Start of Data shown

lemma s_rep_sat_sep_points:
  assumes n1: "n \<ge> 1" and M: "model n W le c" and rep: "s_rep n \<phi> \<psi>"
  shows "\<forall>x\<in>sep_points n W le c.
           sat (sep_points n W le c) le c x \<phi> \<longleftrightarrow> sat (sep_points n W le c) le c x \<psi>"
  using rep
proof (induction rule: s_rep.induct)
  let ?S = "sep_points n W le c"
  have sub: "?S \<subseteq> W" by (auto simp: sep_points_def)
  have transfer: "sat ?S le c x chi \<longleftrightarrow> sat ?S le c x X"
    if "ipc_equiv chi X" "impl_n n chi" "vars X \<subseteq> {..<n}" "x \<in> ?S" for chi X x
    using ipc_equiv_sat[OF M sub that(1) _ that(3,4)] that(2) by (simp add: impl_n_def)
  have vars_rep: "vars \<beta> \<subseteq> {..<n}" if "s_rep n a \<beta>" for a \<beta>
    using s_rep_impl[OF that] by (simp add: impl_n_def)
  {
    case (sVar i chi)
    then show ?case using transfer[of chi "Var i"] by simp
  next
    case (sBot chi)
    have vb: "vars (big_and n) \<subseteq> {..<n}" using vars_big_and[of n] n1 by (simp add: max_def)
    have "\<not> sat ?S le c x chi" if x: "x \<in> ?S" for x
    proof -
      have "separated n W le c x" using x by (simp add: sep_points_def)
      then have "\<not> sat ?S le c x (big_and n)" by (rule separated_not_big_and[OF n1])
      then show ?thesis using transfer[OF sBot(2,1) vb x] by simp
    qed
    then show ?case by simp
  next
    case (sAnd a \<alpha> b \<beta> chi)
    have "vars (And \<alpha> \<beta>) \<subseteq> {..<n}" using vars_rep sAnd.hyps(1,2) by simp
    then show ?case using transfer[OF sAnd.hyps(4,3)] sAnd.IH by simp
  next
    case (sImp a \<alpha> b \<beta> chi)
    have "vars (Imp \<alpha> \<beta>) \<subseteq> {..<n}" using vars_rep sImp.hyps(1,2) by simp
    moreover have "sat ?S le c x (Imp a b) \<longleftrightarrow> sat ?S le c x (Imp \<alpha> \<beta>)" for x
      using sImp.IH by auto
    ultimately show ?case using transfer[OF sImp.hyps(4,3)] by simp
  next
    case (sOr a \<alpha> b \<beta> chi)
    have i\<alpha>: "impl_n n \<alpha>" and i\<beta>: "impl_n n \<beta>"
      using s_rep_impl[OF sOr.hyps(1)] s_rep_impl[OF sOr.hyps(2)] .
    have ic: "impl_n n chi"
      and upper: "\<And>th. impl_n n th \<Longrightarrow> ipc (Imp chi th) \<longleftrightarrow> ipc (Imp \<alpha> th) \<and> ipc (Imp \<beta> th)"
      using sOr.hyps(3) unfolding is_join_def by auto
    note imp = ipc_imp_sat[OF M sub]
    have vs: "vars \<alpha> \<subseteq> {..<n}" "vars \<beta> \<subseteq> {..<n}" "vars chi \<subseteq> {..<n}"
      using i\<alpha> i\<beta> ic by (simp_all add: impl_n_def)
    have join: "sat ?S le c x chi \<longleftrightarrow> sat ?S le c x \<alpha> \<or> sat ?S le c x \<beta>" if x: "x \<in> ?S" for x
    proof
      have "ipc (Imp \<alpha> chi)" "ipc (Imp \<beta> chi)" using upper[OF ic] ipc_id by auto
      then show "sat ?S le c x \<alpha> \<or> sat ?S le c x \<beta> \<Longrightarrow> sat ?S le c x chi"
        using imp vs x by blast
    next
      assume xc: "sat ?S le c x chi"
      show "sat ?S le c x \<alpha> \<or> sat ?S le c x \<beta>"
      proof (rule ccontr)
        assume neither: "\<not> (sat ?S le c x \<alpha> \<or> sat ?S le c x \<beta>)"
        from x obtain q where q: "q < n" "\<not> c x q" "\<forall>y\<in>W. le x y \<and> y \<noteq> x \<longrightarrow> c y q"
          by (auto simp: sep_points_def separated_def)
        define th where "th = Imp (And (Imp \<alpha> (Var q)) (Imp \<beta> (Var q))) (Var q)"
        have ith: "impl_n n th" using i\<alpha> i\<beta> q(1) by (auto simp: impl_n_def th_def)
        have "ipc (Imp chi th)" using upper[OF ith] join_bound unfolding th_def by blast
        then have "sat ?S le c x th" using imp[OF _ vs(3) _ x xc] ith by (simp add: impl_n_def)
        moreover have "sat ?S le c x (Imp \<alpha> (Var q))" "sat ?S le c x (Imp \<beta> (Var q))"
          using separated_imp_witness[of ?S W x le c q] sub x q(3) neither by blast+
        moreover have "le x x" using M sub x unfolding model_def by blast
        ultimately have "c x q" using x unfolding th_def by simp
        then show False using q(2) by simp
      qed
    qed
    then show ?case using sOr.IH by simp
  }
qed

theorem theorem3p18:
  fixes n :: nat and W :: "'a set" and le :: "'a \<Rightarrow> 'a \<Rightarrow> bool" and c :: "'a \<Rightarrow> nat \<Rightarrow> bool"
    and \<phi> \<psi> :: form and x :: 'a
  assumes "n \<ge> 1"
    and "vars \<phi> \<subseteq> {..<n}"
    and "s_rep n \<phi> \<psi>"
    and "model n W le c"
    and "x \<in> sep_points n W le c"
  shows "sat (sep_points n W le c) le c x \<phi> \<longleftrightarrow> sat (sep_points n W le c) le c x \<psi>"
  using s_rep_sat_sep_points[OF assms(1,4,3)] assms(5) by blast

end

End of Data shown

→ **Directions for this task**
Repeat the records. Match them exactly.

→ **Result of this exercise**
lemma s_rep_sat_sep_points:
  assumes n1: "n \<ge> 1" and M: "model n W le c" and rep: "s_rep n \<phi> \<psi>"
  shows "\<forall>x\<in>sep_points n W le c.
           sat (sep_points n W le c) le c x \<phi> \<longleftrightarrow> sat (sep_points n W le c) le c x \<psi>"
  using rep
proof (induction rule: s_rep.induct)
  let ?S = "sep_points n W le c"
  have sub: "?S \<subseteq> W" by (auto simp: sep_points_def)
  have transfer: "sat ?S le c x chi \<longleftrightarrow> sat ?S le c x X"
    if "ipc_equiv chi X" "impl_n n chi" "vars X \<subseteq> {..<n}" "x \<in> ?S" for chi X x
    using ipc_equiv_sat[OF M sub that(1) _ that(3,4)] that(2) by (simp add: impl_n_def)
  have vars_rep: "vars \<beta> \<subseteq> {..<n}" if "s_rep n a \<beta>" for a \<beta>
    using s_rep_impl[OF that] by (simp add: impl_n_def)
  {
    case (sVar i chi)
    then show ?case using transfer[of chi "Var i"] by simp
  next
    case (sBot chi)
    have vb: "vars (big_and n) \<subseteq> {..<n}" using vars_big_and[of n] n1 by (simp add: max_def)
    have "\<not> sat ?S le c x chi" if x: "x \<in> ?S" for x
    proof -
      have "separated n W le c x" using x by (simp add: sep_points_def)
      then have "\<not> sat ?S le c x (big_and n)" by (rule separated_not_big_and[OF n1])
      then show ?thesis using transfer[OF sBot(2,1) vb x] by simp
    qed
    then show ?case by simp
  next
    case (sAnd a \<alpha> b \<beta> chi)
    have "vars (And \<alpha> \<beta>) \<subseteq> {..<n}" using vars_rep sAnd.hyps(1,2) by simp
    then show ?case using transfer[OF sAnd.hyps(4,3)] sAnd.IH by simp
  next
    case (sImp a \<alpha> b \<beta> chi)
    have "vars (Imp \<alpha> \<beta>) \<subseteq> {..<n}" using vars_rep sImp.hyps(1,2) by simp
    moreover have "sat ?S le c x (Imp a b) \<longleftrightarrow> sat ?S le c x (Imp \<alpha> \<beta>)" for x
      using sImp.IH by auto
    ultimately show ?case using transfer[OF sImp.hyps(4,3)] by simp
  next
    case (sOr a \<alpha> b \<beta> chi)
    have i\<alpha>: "impl_n n \<alpha>" and i\<beta>: "impl_n n \<beta>"
      using s_rep_impl[OF sOr.hyps(1)] s_rep_impl[OF sOr.hyps(2)] .
    have ic: "impl_n n chi"
      and upper: "\<And>th. impl_n n th \<Longrightarrow> ipc (Imp chi th) \<longleftrightarrow> ipc (Imp \<alpha> th) \<and> ipc (Imp \<beta> th)"
      using sOr.hyps(3) unfolding is_join_def by auto
    note imp = ipc_imp_sat[OF M sub]
    have vs: "vars \<alpha> \<subseteq> {..<n}" "vars \<beta> \<subseteq> {..<n}" "vars chi \<subseteq> {..<n}"
      using i\<alpha> i\<beta> ic by (simp_all add: impl_n_def)
    have join: "sat ?S le c x chi \<longleftrightarrow> sat ?S le c x \<alpha> \<or> sat ?S le c x \<beta>" if x: "x \<in> ?S" for x
    proof
      have "ipc (Imp \<alpha> chi)" "ipc (Imp \<beta> chi)" using upper[OF ic] ipc_id by auto
      then show "sat ?S le c x \<alpha> \<or> sat ?S le c x \<beta> \<Longrightarrow> sat ?S le c x chi"
        using imp vs x by blast
    next
      assume xc: "sat ?S le c x chi"
      show "sat ?S le c x \<alpha> \<or> sat ?S le c x \<beta>"
      proof (rule ccontr)
        assume neither: "\<not> (sat ?S le c x \<alpha> \<or> sat ?S le c x \<beta>)"
        from x obtain q where q: "q < n" "\<not> c x q" "\<forall>y\<in>W. le x y \<and> y \<noteq> x \<longrightarrow> c y q"
          by (auto simp: sep_points_def separated_def)
        define th where "th = Imp (And (Imp \<alpha> (Var q)) (Imp \<beta> (Var q))) (Var q)"
        have ith: "impl_n n th" using i\<alpha> i\<beta> q(1) by (auto simp: impl_n_def th_def)
        have "ipc (Imp chi th)" using upper[OF ith] join_bound unfolding th_def by blast
        then have "sat ?S le c x th" using imp[OF _ vs(3) _ x xc] ith by (simp add: impl_n_def)
        moreover have "sat ?S le c x (Imp \<alpha> (Var q))" "sat ?S le c x (Imp \<beta> (Var q))"
          using separated_imp_witness[of ?S W x le c q] sub x q(3) neither by blast+
        moreover have "le x x" using M sub x unfolding model_def by blast
        ultimately have "c x q" using x unfolding th_def by simp
        then show False using q(2) by simp
      qed
    qed
    then show ?case using sOr.IH by simp
  }
qed

theorem theorem3p18:
  fixes n :: nat and W :: "'a set" and le :: "'a \<Rightarrow> 'a \<Rightarrow> bool" and c :: "'a \<Rightarrow> nat \<Rightarrow> bool"
    and \<phi> \<psi> :: form and x :: 'a
  assumes "n \<ge> 1"
    and "vars \<phi> \<subseteq> {..<n}"
    and "s_rep n \<phi> \<psi>"
    and "model n W le c"
    and "x \<in> sep_points n W le c"
  shows "sat (sep_points n W le c) le c x \<phi> \<longleftrightarrow> sat (sep_points n W le c) le c x \<psi>"
  using s_rep_sat_sep_points[OF assms(1,4,3)] assms(5) by blast

end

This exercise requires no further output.